Experimental results with the CA. a The captured intensity images with the amplitude and phase images in Fig. 3. The reconstructed b amplitude images and c phase images, where phases are normalized in the interval \([0,\pi ]\), reconstructed from the captured images in a

The experimental results without the CA are shown in Figs. 3 and 4. The trained amplitude and phase networks were respectively tested with 1000 amplitude images and 1000 phase images that had not been used for the training process. Ten examples of the amplitude and phase test images are shown in Fig. 3a and b, respectively. Their captured intensity images from the amplitude and phase images in Fig. 3 are shown in Fig. 4a. The amplitude and phase images reconstructed from Fig. 4a are shown in Fig. 4b and c. The peak signal-to-noise ratios (PSNRs) of the 1000 reconstructed amplitude images and 1000 reconstructed phase images were 20.9 and 14.3 dB, respectively.

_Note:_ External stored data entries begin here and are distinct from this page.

abbreviation lin :: "('h \<Rightarrow> 'h) \<Rightarrow> bool" where
  "lin f \<equiv> Vector_Spaces.linear sc sc f"

lemma hopf_algebra: "hopf_algebra sc \<Delta> \<epsilon> S"
  using semiquasitriangular by (simp add: semiquasitriangular_def)

lemma vector_space_sc: "vector_space sc"
  using hopf_algebra by (simp add: hopf_algebra_def k_algebra_def)

lemma scale_mult_left: "sc c x * y = sc c (x * y)"
  and scale_mult_right: "x * sc c y = sc c (x * y)"
  using hopf_algebra unfolding hopf_algebra_def k_algebra_def by metis+

lemma scale_add_right: "sc a (x + y) = sc a x + sc a y"
  and scale_add_left: "sc (a + b) x = sc a x + sc b x"
  and scale_scale: "sc a (sc b x) = sc (a * b) x"
  and scale_one: "sc 1 x = x"
  using vector_space_sc by (auto simp: vector_space_def)

lemma scale_zero_right: "sc a 0 = 0"
  using vector_space_sc by (simp add: module_iff_vector_space[symmetric] module.scale_zero_right)

lemma scale_sum_list: "sc c (\<Sum>x\<leftarrow>xs. f x) = (\<Sum>x\<leftarrow>xs. sc c (f x))"
  by (induct xs) (auto simp: scale_add_right scale_zero_right)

These results demonstrated the effectiveness of the deep network for complex-amplitude imaging with incoherent light.

The experimental results with the CA are shown in Fig. 5. The network was trained and tested with the same amplitude and phase images as the previous experiment but with different captured intensity images through the CA. The captured intensity images with the CA from the amplitude and phase images in Fig. 3 are shown in Fig. 5a. The amplitude and phase images were also reconstructed from the captured intensity images, as shown in Fig. 5b and c. The PSNRs of the amplitude and phase images were 23.5 and 15.3 dB, respectively. These results showed that the amplitude and phase reconstructions were improved in the case with the CA.

In the experiments, the calculation time for reconstructing the test images was 0.5 s when using a computer with an Intel Dual Xeon processor with a clock rate of 2.1 GHz and a memory size of 128 GB, and NVIDIA Quadro P4000 graphics processing unit with a memory size of 8 GB. The training time was 18 h.

4 Conclusion

We presented a method for single-shot, lensless complex-amplitude imaging with incoherent light and no imaging optics. A deep convolutional neural network was used for reconstructing both the amplitude and phase from a single intensity image. We demonstrated the proposed method experimentally with a CA implemented on an OHP film using handwritten datasets. The results showed the effectiveness of the deep network and the CA for complex-amplitude imaging with incoherent light.

Our method reduces the hardware size/cost and the measurement time in incoherent complex-amplitude imaging, while maintaining the image quality. It is readily extendable to a reflective setup and multi-dimensional complex-amplitude imaging, such as three-dimensional spatial imaging and spectral imaging. The CA is not limited to only amplitude modulation but can also be applied to phase or complex-amplitude modulation [22]. Our method is applicable to non-visible spectral regions, such as X-rays, infrared light, and terahertz radiation. Therefore, the method is promising in various fields, including, biology, security, and astronomy.